*** WORKING DATA ***

lemma card_shift_edges_le_sparse_part:
  fixes D :: real
  assumes "finite B" "T1 \<subseteq> B" "card T1 \<le> q" and lengths: "\<And>x. x \<in> B \<Longrightarrow> length x = d"
  shows "card (shift_edges B T1)
           \<le> 2 * q * card (B - sparse_part D B T1 T2) + card (sparse_part D B T1 T2) * D"
proof (rule card_edges_le_degrees)
  have "finite T1"
    using assms(1,2) by (rule finite_subset[rotated])
  then show "card {w. (v, w) \<in> shift_edges B T1} \<le> q" for v
    using card_shift_edges_out_le assms(3) le_trans by blast
  show "card {v. (v, w) \<in> shift_edges B T1} \<le> q" for w
    using card_shift_edges_in_le[OF assms(1,2) lengths] assms(3) le_trans by blast
  show "card {w \<in> sparse_part D B T1 T2. (v, w) \<in> shift_edges B T1} \<le> D"
    if "v \<in> sparse_part D B T1 T2" for v
  proof -
    let ?U = "\<Union>(shift_nbrs B T1 ` T2)"
    have "{w \<in> sparse_part D B T1 T2. (v, w) \<in> shift_edges B T1} \<subseteq> shift_nbrs B T1 v - ?U"
      by (auto simp: sparse_part_def shift_nbrs_def)
    then have "card {w \<in> sparse_part D B T1 T2. (v, w) \<in> shift_edges B T1} \<le> card (shift_nbrs B T1 v - ?U)"
      using assms(1) shift_nbrs_subset by (meson card_mono finite_Diff finite_subset)
    with that show ?thesis
      by (auto simp: sparse_part_def)
  qed
qed (use assms(1) shift_edges_subset in \<open>auto simp: sparse_part_def\<close>)

lemma sum_powers_le_Suc_power: "(\<Sum>i\<le>k. n ^ i) \<le> (n + 1 :: nat) ^ k"
proof (induction k)
  case (Suc k)
  have "(\<Sum>i\<le>Suc k. n ^ i) \<le> (n + 1) ^ k + n * n ^ k"
    using Suc.IH by simp
  also have "\<dots> \<le> (n + 1) ^ k + n * (n + 1) ^ k"
    by (simp add: power_mono)
  finally show ?case by simp
qed simp

lemma card_subsets_card_le:
  assumes "finite G"
  shows "finite {T. T \<subseteq> G \<and> card T \<le> k}" and "card {T. T \<subseteq> G \<and> card T \<le> k} \<le> (card G + 1) ^ k"
proof -
  let ?L = "{xs. set xs \<subseteq> G \<and> length xs \<le> k}"
  have subsets_lists: "{T. T \<subseteq> G \<and> card T \<le> k} \<subseteq> set ` ?L"
  proof
    fix T assume T: "T \<in> {T. T \<subseteq> G \<and> card T \<le> k}"
    then obtain xs where "set xs = T" "distinct xs"
      using assms finite_distinct_list finite_subset by (metis mem_Collect_eq)
    with T show "T \<in> set ` ?L"
      by (auto simp: distinct_card intro!: image_eqI[of _ _ xs])
  qed
  have fin_L: "finite ?L"
    using assms by (rule finite_lists_length_le)
  then show "finite {T. T \<subseteq> G \<and> card T \<le> k}"
    using subsets_lists finite_surj by blast
  have "card {T. T \<subseteq> G \<and> card T \<le> k} \<le> card ?L"
    using subsets_lists fin_L by (meson card_image_le card_mono finite_imageI order_trans)
  also have "\<dots> = (\<Sum>i\<le>k. card G ^ i)"
    using assms by (rule card_lists_length_le)
  also have "\<dots> \<le> (card G + 1) ^ k"
    by (rule sum_powers_le_Suc_power)
  finally show "card {T. T \<subseteq> G \<and> card T \<le> k} \<le> (card G + 1) ^ k" .
qed

(*
  (T1, T2) is the fingerprint of a sum-free A in B: T1 is A \<inter> high_degree \<theta> B if this has fewer
  than q elements, and otherwise q elements of it, in whose shift graph A is independent; T2 is
  then a fingerprint of A in that graph as in fingerprint_exists.
*)
definition container :: "nat \<Rightarrow> real \<Rightarrow> real \<Rightarrow> int list set \<Rightarrow> int list set \<Rightarrow> int list set \<Rightarrow> int list set" where
  "container q \<theta> D B T1 T2 =
     (if card T1 < q then (B - high_degree \<theta> B) \<union> T1 else T2 \<union> sparse_part D B T1 T2)"

definition container_step :: "nat \<Rightarrow> nat \<Rightarrow> real \<Rightarrow> real \<Rightarrow> int list set \<Rightarrow> int list set set" where
  "container_step q m \<theta> D B = {container q \<theta> D B T1 T2 | T1 T2.
     T1 \<subseteq> high_degree \<theta> B \<and> card T1 \<le> q \<and> T2 \<subseteq> B \<and> card T2 \<le> m}"

lemma container_step_subset: "container_step q m \<theta> D B \<subseteq> Pow B"
  by (auto simp: container_step_def container_def high_degree_def sparse_part_def)

lemma card_container_step_le:
  assumes "finite B"
  shows "finite (container_step q m \<theta> D B) \<and> card (container_step q m \<theta> D B) \<le> (card B + 1) ^ (q + m)"
proof -
  let ?S = "\<lambda>k. {T. T \<subseteq> B \<and> card T \<le> k}"
  have "container_step q m \<theta> D B \<subseteq> (\<lambda>(T1, T2). container q \<theta> D B T1 T2) ` (?S q \<times> ?S m)"
    using high_degree_subset by (fastforce simp: container_step_def)
  moreover have "finite (?S q \<times> ?S m)"
    using card_subsets_card_le(1)[OF assms] by blast
  moreover have "card (?S q \<times> ?S m) \<le> (card B + 1) ^ (q + m)"
    using card_subsets_card_le(2)[OF assms] by (simp add: card_cartesian_product power_add mult_le_mono)
  ultimately show ?thesis
    by (meson card_image_le card_mono finite_imageI finite_subset order_trans)
qed

lemma container_covers:
  fixes \<theta> D :: real
  assumes "finite B" "A \<subseteq> B" "sum_free A" "0 < D"
  shows "\<exists>T1 T2. T1 \<subseteq> high_degree \<theta> B \<and> card T1 \<le> q \<and> T2 \<subseteq> B \<and> card T2 * D \<le> card B
           \<and> A \<subseteq> container q \<theta> D B T1 T2"
proof (cases "card (A \<inter> high_degree \<theta> B) < q")
  case True
  then have "A \<subseteq> container q \<theta> D B (A \<inter> high_degree \<theta> B) {}"
    using assms(2) by (auto simp: container_def)
  with True show ?thesis
    by (intro exI[of _ "A \<inter> high_degree \<theta> B"] exI[of _ "{}"]) simp
next
  case False
  then obtain T1 where T1: "T1 \<subseteq> A" "T1 \<subseteq> high_degree \<theta> B" "card T1 = q"
    by (metis le_inf_iff not_less obtain_subset_with_card_n)
  have "finite A"
    using assms(1,2) by (rule finite_subset[rotated])
  obtain T2 where T2: "T2 \<subseteq> A" "card T2 * D \<le> card B"
    and sparse: "\<forall>v\<in>A. card (shift_nbrs B T1 v - \<Union>(shift_nbrs B T1 ` T2)) < D"
    using fingerprint_exists[where nbr = "shift_nbrs B T1", OF assms(1) shift_nbrs_subset assms(4) \<open>finite A\<close>]
    by blast
  have "A \<subseteq> sparse_part D B T1 T2"
  proof
    fix v assume "v \<in> A"
    have "v \<notin> shift_nbrs B T1 t" if "t \<in> T2" for t
      using shift_nbrs_disjoint_if_sum_free[OF assms(3) T1(1)] \<open>v \<in> A\<close> that T2(1) by blast
    with sparse \<open>v \<in> A\<close> assms(2) show "v \<in> sparse_part D B T1 T2"
      by (auto simp: sparse_part_def)
  qed
  then have "A \<subseteq> container q \<theta> D B T1 T2"
    using T1(3) by (auto simp: container_def)
  moreover have "T2 \<subseteq> B"
    using T2(1) assms(2) by (rule order_trans)
  ultimately show ?thesis
    using T1(2,3) T2(2) by blast
qed

section \<open>Choice of parameters\<close>

locale schur_container_setup =
  fixes G :: "int list set" and d :: nat and \<epsilon> :: real
  assumes finite_G: "finite G"
    and length_G: "\<And>x. x \<in> G \<Longrightarrow> length x = d"
    and eps_pos: "0 < \<epsilon>" and eps_le_1: "\<epsilon> \<le> 1"
    and G_large: "128 / \<epsilon>\<^sup>2 \<le> sqrt (card G)"
begin

(*
  q ~ sqrt N and m = O(sqrt N / eps) bound the sizes of the two fingerprints, and
  128 / eps^2 \<le> sqrt N is what makes either kind of container lose eps N / 8 elements.
*)
definition N :: real where "N = card G"
definition q :: nat where "q = nat \<lceil>sqrt N\<rceil>"
definition D :: real where "D = q * \<epsilon> / 8"
definition m :: nat where "m = nat \<lfloor>N / D\<rfloor>"
definition rounds :: nat where "rounds = nat \<lceil>8 / \<epsilon>\<rceil> + 1"
definition good :: "int list set \<Rightarrow> bool" where "good B \<longleftrightarrow> card (sum_pairs B) \<le> \<epsilon> * N\<^sup>2"
definition step :: "int list set \<Rightarrow> int list set set" where "step = container_step q m (\<epsilon> * N / 2) D"
definition containers :: "int list set set" where "containers = refine_containers good step G rounds"

lemma N_nonneg: "0 \<le> N"
  by (simp add: N_def)

lemma eps_sq_sqrt_N_ge: "128 \<le> \<epsilon>\<^sup>2 * sqrt N"
  using G_large eps_pos by (simp add: N_def pos_divide_le_eq mult.commute)

lemma sqrt_N_ge_1: "1 \<le> sqrt N"
proof -
  have "128 \<le> sqrt N"
    using eps_sq_sqrt_N_ge eps_pos eps_le_1 N_nonneg mult_right_mono[of "\<epsilon>\<^sup>2" 1 "sqrt N"]
    by (simp add: power_le_one)
  then show ?thesis by linarith
qed

lemma N_ge_1: "1 \<le> N"
  using sqrt_N_ge_1 by simp

lemma card_le_N: "B \<subseteq> G \<Longrightarrow> card B \<le> N"
  using card_mono[OF finite_G] by (simp add: N_def)

lemma sqrt_N_le_q: "sqrt N \<le> q"
  by (simp add: q_def real_nat_ceiling_ge)

lemma q_le_2_sqrt_N: "q \<le> 2 * sqrt N"
proof -
  have "real q = real_of_int \<lceil>sqrt N\<rceil>"
    using sqrt_N_ge_1 by (simp add: q_def)
  also have "\<dots> \<le> sqrt N + 1"
    by simp
  finally show ?thesis
    using sqrt_N_ge_1 by linarith
qed

lemma q_pos: "0 < q"
  using sqrt_N_le_q sqrt_N_ge_1 by linarith

lemma D_pos: "0 < D"
  using q_pos eps_pos by (simp add: D_def)

lemma q_le_eps_N: "q \<le> 3 * \<epsilon> * N / 8"
proof -
  have "\<epsilon> * (\<epsilon> * sqrt N) \<le> \<epsilon> * sqrt N"
    using eps_pos eps_le_1 N_nonneg by (intro mult_left_le_one_le) auto
  then have "128 \<le> \<epsilon> * sqrt N"
    using eps_sq_sqrt_N_ge by (simp add: power2_eq_square mult.assoc)
  then have "16 * sqrt N \<le> 3 * \<epsilon> * sqrt N * sqrt N"
    using N_nonneg by (intro mult_right_mono) auto
  also have "\<dots> = 3 * \<epsilon> * N"
    using N_nonneg by (simp add: mult.assoc)
  finally show ?thesis
    using q_le_2_sqrt_N by linarith
qed

lemma m_le_N_div_D: "m \<le> N / D"
  using N_ge_1 D_pos by (simp add: m_def)

lemma m_le_sqrt_N: "m \<le> 8 / \<epsilon> * sqrt N"
proof -
  have "N / D = 8 * N / (q * \<epsilon>)"
    by (simp add: D_def)
  also have "\<dots> \<le> 8 * N / (sqrt N * \<epsilon>)"
    using sqrt_N_le_q sqrt_N_ge_1 N_nonneg eps_pos q_pos
    by (auto intro!: divide_left_mono mult_right_mono mult_pos_pos)
  also have "\<dots> = 8 / \<epsilon> * sqrt N"
    using real_div_sqrt[OF N_nonneg] by (metis times_divide_times_eq mult.commute)
  finally show ?thesis
    using m_le_N_div_D by linarith
qed

lemma m_le_eps_N: "m \<le> \<epsilon> * N / 16"
proof -
  have "8 / \<epsilon> * sqrt N \<le> \<epsilon> * (sqrt N * sqrt N) / 16"
    using eps_sq_sqrt_N_ge eps_pos sqrt_N_ge_1 mult_right_mono[of 128 "\<epsilon>\<^sup>2 * sqrt N" "sqrt N"]
    by (simp add: field_simps power2_eq_square)
  then show ?thesis
    using m_le_sqrt_N N_ge_1 by simp
qed

lemma le_m_if:
  assumes "real k * D \<le> N"
  shows "k \<le> m"
proof -
  have "real k \<le> N / D"
    using assms D_pos by (simp add: pos_le_divide_eq)
  then show ?thesis
    unfolding m_def by (rule le_nat_floor)
qed

lemma step_subset: "step B \<subseteq> Pow B"
  by (simp add: step_def container_step_subset)

lemma step_covers:
  assumes "B \<subseteq> G" "A \<subseteq> B" "sum_free A"
  shows "\<exists>B' \<in> step B. A \<subseteq> B'"
proof -
  have "finite B"
    using finite_G assms(1) by (rule finite_subset[rotated])
  then obtain T1 T2 where "T1 \<subseteq> high_degree (\<epsilon> * N / 2) B" "card T1 \<le> q" "T2 \<subseteq> B"
    and "card T2 * D \<le> card B" and A_sub: "A \<subseteq> container q (\<epsilon> * N / 2) D B T1 T2"
    using container_covers[OF _ assms(2,3) D_pos] by blast
  moreover have "card T2 \<le> m"
    using \<open>card T2 * D \<le> card B\<close> card_le_N[OF assms(1)] by (intro le_m_if) linarith
  ultimately show ?thesis
    unfolding step_def container_step_def by blast
qed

*** End of WORKING DATA ***

> **WHAT THIS TASK INVOLVES**
Take every line above that includes "good" and list it.

> **YOUR SOLUTION**
definition good :: "int list set \<Rightarrow> bool" where "good B \<longleftrightarrow> card (sum_pairs B) \<le> \<epsilon> * N\<^sup>2"
definition containers :: "int list set set" where "containers = refine_containers good step G rounds"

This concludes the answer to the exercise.